The words of Tolkien are striking: “We are dealing with Men.” We are not dealing with hobbits, who, I believe, could live in reasonable prosperity. Here, precisely the condition that we seek for ourselves — peace and prosperity — is pictured as the most morally dangerous atmosphere for our human condition. Some Romans worried that if the Empire destroyed Carthage, they would be in moral danger without an enemy to keep them disciplined. We are perplexed by this type of situation. We think that our problems will be over when we have a sufficiency of things. We look outside, not inside, of ourselves for what can go wrong and why.

I mentioned Plato: He was convinced that our desires are unlimited. They drive us on to more and more unless we hold them in place. It was Augustine who poignantly discovered in his very living that the “good things” he chose could be turned away from their natural purpose by how he used them.

In considering this “regrettable feature of [our] nature,” Tolkien thought that the story of “The New Shadow” would have to go this way: “I found that even so early there was an outcrop of revolutionary plots, about a centre of secret Satanistic religion; while Gondorian boys were playing at being Orcs and going around doing damage.” This passage is almost directly out of Aristotle, who said the same thing less graphically. The “revolutionary plots” were directed at the goodness of being. The “Satanistic religion” made man God.

“I could have written a ‘thriller’ about the plot and its discovery and overthrow,” Tolkien adds, “but it would be just that. Not worth doing.” What might Tolkien have meant here? He could have written a thriller in which the plots of these young men are discovered and overthrown.

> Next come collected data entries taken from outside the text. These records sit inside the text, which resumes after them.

lemma monomial_value_superset:
  assumes "finite K" "Poly_Mapping.keys \<alpha> \<subseteq> K"
  shows "monomial_value g \<alpha> = (\<Prod>i\<in>K. g i ^ Poly_Mapping.lookup \<alpha> i)"
  unfolding monomial_value_def
  by (rule prod.mono_neutral_left) (use assms in \<open>auto simp: in_keys_iff\<close>)

lemma monomial_value_cong:
  "(\<And>i. i \<in> Poly_Mapping.keys \<alpha> \<Longrightarrow> g i = h i) \<Longrightarrow> monomial_value g \<alpha> = monomial_value h \<alpha>"
  unfolding monomial_value_def by (rule prod.cong) simp_all

lemma monomial_value_zero [simp]: "monomial_value g 0 = 1"
  by (simp add: monomial_value_def)

lemma monomial_value_single [simp]: "monomial_value g (Poly_Mapping.single i k) = g i ^ k"
  by (cases "k = 0") (simp_all add: monomial_value_def)

lemma monomial_value_add: "monomial_value g (\<alpha> + \<beta>) = monomial_value g \<alpha> * monomial_value g \<beta>"
proof -
  let ?K = "Poly_Mapping.keys \<alpha> \<union> Poly_Mapping.keys \<beta>"
  have "monomial_value g (\<alpha> + \<beta>) = (\<Prod>i\<in>?K. g i ^ Poly_Mapping.lookup (\<alpha> + \<beta>) i)"
    by (rule monomial_value_superset) (auto dest: keys_add[THEN subsetD])
  also have "\<dots> = (\<Prod>i\<in>?K. g i ^ Poly_Mapping.lookup \<alpha> i) * (\<Prod>i\<in>?K. g i ^ Poly_Mapping.lookup \<beta> i)"
    by (simp add: lookup_add power_add prod.distrib)
  also have "\<dots> = monomial_value g \<alpha> * monomial_value g \<beta>"
    using monomial_value_superset[of ?K \<alpha> g] monomial_value_superset[of ?K \<beta> g] by simp
  finally show ?thesis .
qed

lemma monomial_value_constants:
  "monomial_value (\<lambda>i. Poly_Mapping.single 0 (x i)) \<alpha> = Poly_Mapping.single 0 (monomial_value x \<alpha>)"
  by (simp add: monomial_value_def power_single_zero prod_single)

definition poly_subst ::
  "('v \<Rightarrow> ('w \<Rightarrow>\<^sub>0 nat) \<Rightarrow>\<^sub>0 'a) \<Rightarrow> (('v \<Rightarrow>\<^sub>0 nat) \<Rightarrow>\<^sub>0 'a) \<Rightarrow> ('w \<Rightarrow>\<^sub>0 nat) \<Rightarrow>\<^sub>0 'a::comm_semiring_1"
where
  "poly_subst g P =
     (\<Sum>\<alpha>\<in>Poly_Mapping.keys P. Poly_Mapping.single 0 (Poly_Mapping.lookup P \<alpha>) * monomial_value g \<alpha>)"

lemma poly_subst_superset:
  assumes "finite K" "Poly_Mapping.keys P \<subseteq> K"
  shows "poly_subst g P =
    (\<Sum>\<alpha>\<in>K. Poly_Mapping.single 0 (Poly_Mapping.lookup P \<alpha>) * monomial_value g \<alpha>)"
  unfolding poly_subst_def
  by (rule sum.mono_neutral_left) (use assms in \<open>auto simp: in_keys_iff\<close>)

lemma poly_subst_zero [simp]: "poly_subst g 0 = 0"
  by (simp add: poly_subst_def)

lemma poly_subst_single:
  "poly_subst g (Poly_Mapping.single \<alpha> c) = Poly_Mapping.single 0 c * monomial_value g \<alpha>"
  by (subst poly_subst_superset[of "{\<alpha>}"]) auto

lemma poly_subst_add: "poly_subst g (P + Q) = poly_subst g P + poly_subst g Q"
proof -
  let ?K = "Poly_Mapping.keys P \<union> Poly_Mapping.keys Q"
  show ?thesis
    using poly_subst_superset[of ?K P g] poly_subst_superset[of ?K Q g]
      poly_subst_superset[of ?K "P + Q" g]
    by (auto simp: lookup_add single_add distrib_right sum.distrib dest: keys_add[THEN subsetD])
qed

lemma poly_subst_sum: "poly_subst g (\<Sum>i\<in>I. P i) = (\<Sum>i\<in>I. poly_subst g (P i))"
  by (induction I rule: infinite_finite_induct) (simp_all add: poly_subst_add)
(* For each $j=0,\dots,4$, every isometry of the $\mathbb{Z}$-lattice $\Lambda_j$ is induced by an ($\mathcal{E}$-linear) isometry of $\Lambda$.
   Context: Let $\omega=e^{2\pi i/3}$, $\mathcal{E}=\mathbb{Z}[\omega]$, $\theta=\sqrt{-3}$. Let $\Lambda=\mathcal{E}^5$ with Hermitian form $h(x,y)=-x_0\bar y_0+x_1\bar y_1+\dots+x_4\bar y_4$. For $j=0,\dots,4$ let $\xi_j$ be the antilinear map $(x_0,\dots,x_4)\mapsto(\bar x_0,\dots,\bar x_{4-j},-\bar x_{5-j},\dots,-\bar x_4)$, and let $\Lambda_j=\Lambda^{\xi_j}$ be the $\mathbb{Z}$-lattice of $\xi_j$-fixed vectors, i.e. $\Lambda_j=\mathbb{Z}^{5-j}\oplus\theta\mathbb{Z}^j\subset\mathcal{E}^5$, equipped with the restriction of $h$ (which is real- and integer-valued on it). *)

theory Defs
  imports Complex_Main
begin

text \<open>Vectors of C^5 are modelled as functions nat => complex supported on {0..<5}.\<close>

definition omega :: complex where
  "omega = Complex (-1/2) (sqrt 3 / 2)"

definition Eis :: "complex set" where
  "Eis = {of_int a + of_int b * omega | a b. True}"

definition Lam :: "(nat \<Rightarrow> complex) set" where
  "Lam = {x. (\<forall>i<5. x i \<in> Eis) \<and> (\<forall>i\<ge>5. x i = 0)}"

definition herm :: "(nat \<Rightarrow> complex) \<Rightarrow> (nat \<Rightarrow> complex) \<Rightarrow> complex" where
  "herm x y = - x 0 * cnj (y 0) + (\<Sum>i\<in>{1..4}. x i * cnj (y i))"

definition xi :: "nat \<Rightarrow> (nat \<Rightarrow> complex) \<Rightarrow> (nat \<Rightarrow> complex)" where
  "xi j x = (\<lambda>i. if i < 5 - j then cnj (x i) else if i < 5 then - cnj (x i) else 0)"

definition Lam_j :: "nat \<Rightarrow> (nat \<Rightarrow> complex) set" where
  "Lam_j j = {x \<in> Lam. xi j x = x}"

Still, it was “not worth doing.” Why was this story not worth finishing, while writing “The Lord of the Rings” was worth finishing? What was the difference?

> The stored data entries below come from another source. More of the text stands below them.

lemma representatives_intersecting_family:
  assumes KD: "KD \<subseteq> components_in (V - S) kneser_adj"
    and rep: "\<And>K. K \<in> KD \<Longrightarrow> rep K \<in> K \<and> kneser_adj (rep K) D"
  shows "card (rep ` KD) = card KD"
    and "rep ` KD \<subseteq> {A. A \<subseteq> {1..n} - D \<and> card A = 4}"
    and "\<And>G H. G \<in> rep ` KD \<Longrightarrow> H \<in> rep ` KD \<Longrightarrow> G \<inter> H \<noteq> {}"
proof -
  have comp: "K \<in> components_in (V - S) kneser_adj" "K \<subseteq> V" if "K \<in> KD" for K
    using that KD components_in_subset by blast+
  have "inj_on rep KD"
    using components_in_disjoint[OF symp_kneser_adj] comp rep by (metis inj_onI)
  then show "card (rep ` KD) = card KD" by (simp add: card_image)
  show "rep ` KD \<subseteq> {A. A \<subseteq> {1..n} - D \<and> card A = 4}"
  proof
    fix G assume "G \<in> rep ` KD"
    then obtain K where K: "K \<in> KD" "G = rep K" by blast
    then have "G \<in> V" "G \<inter> D = {}" using rep[OF K(1)] comp(2)[OF K(1)] unfolding kneser_adj_def by auto
    then show "G \<in> {A. A \<subseteq> {1..n} - D \<and> card A = 4}" unfolding mem_V by auto
  qed
  fix G H assume "G \<in> rep ` KD" "H \<in> rep ` KD"
  then obtain K1 K2 where K: "K1 \<in> KD" "K2 \<in> KD" and GH: "G = rep K1" "H = rep K2" by blast
  show "G \<inter> H \<noteq> {}"
  proof (cases "K1 = K2")
    case True
    then show ?thesis using GH rep[OF K(1)] comp[OF K(1)] vertex_nonempty by auto
  next
    case False
    then show ?thesis
      using components_in_no_edge[OF symp_kneser_adj comp(1)[OF K(1)] comp(1)[OF K(2)]]
        rep K GH unfolding kneser_adj_def by blast
  qed
qed

lemma card_components_adjacent_to_le:
  assumes "D \<in> V"
  shows "card (components_adjacent_to (V - S) kneser_adj D) * (n - 4) \<le> 4 * ((n - 4) choose 4)"
proof -
  let ?KD = "components_adjacent_to (V - S) kneser_adj D"
  define rep where "rep K = (SOME X. X \<in> K \<and> kneser_adj X D)" for K
  have rep: "rep K \<in> K \<and> kneser_adj (rep K) D" if "K \<in> ?KD" for K
    using that someI_ex[of "\<lambda>X. X \<in> K \<and> kneser_adj X D"]
    unfolding components_adjacent_to_def rep_def by blast
  have KD: "?KD \<subseteq> components_in (V - S) kneser_adj" unfolding components_adjacent_to_def by blast
  note R = representatives_intersecting_family[OF KD rep]
  have "card (rep ` ?KD) * (n - 4) \<le> 4 * ((n - 4) choose 4)"
    by (rule intersecting_family_card_le[OF _ card_complement_vertex[OF assms] _ R(2,3)])
      (use n_ge_13 in auto)
  then show ?thesis using R(1) by simp
qed

lemma card_Int_le_3:
  assumes "A \<in> V" and "C \<in> V" and "A \<inter> X = {}" and "A \<inter> C \<noteq> {}"
  shows "card (X \<inter> C) \<le> 3"
proof -
  have "card (C - A) < 4" using card_Diff_less_if_meets[of C A] assms finite_vertex mem_V by auto
  then show ?thesis using card_mono[of "C - A" "X \<inter> C"] assms finite_vertex by fastforce
qed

“Their quick satiety with the good” is given as the reason for the “most regrettable” thing about the nature of men. One must look long and hard at such an affirmation. The question is: Is this “quick satiety” with the “good” such a bad thing? Augustine, of course, is witness to its factuality. All finite things are good. We are given minds to see that goodness in them.

Our nature is such that we never find complete satiety in anything less than that for which we were put into existence in the first place. And this end is not just one more finite good, no matter how good it is. The “Satanistic” part constitutes a turning away from the good that is there, even if not complete, to a “good” that we make ourselves. This story has been repeated so often in our kind that we should by now have learned the lesson. The reason Tolkien did not finish the story is that we should already know these things from our own experience.

© The Hoya, Georgetown University


Posted: Fri Mar 27, 2009 10:49 am
by Iolanthe
Interesting, Philipa! In many ways I'm glad Tolkien didn't write that story - in the same way that I never wanted the Lord of the Rings to end I don't want all the good that was achieved to end, impossible as that is. I want to be left in a Middle-earth that ends with 'Well, I'm back' not one with 'Well, I've got to go again' even though it would be other generations.

The story Tolkien outlined would have been a case of history repeating itself - Numenor fell because they grew tired of the good things they had, worshipped Morgoth, built a satanic temple, and believed Sauron's lies about the West. He would have been retelling the tale post LotR. After leaving Numenor the faithful Numenorians had already gone through a second cycle of rise and fall. After the fourth age starts and King Elessar comes to sweep away Sauron and the cobwebs another cycle would be “sinister and depressing” indeed. I'm glad we never had it.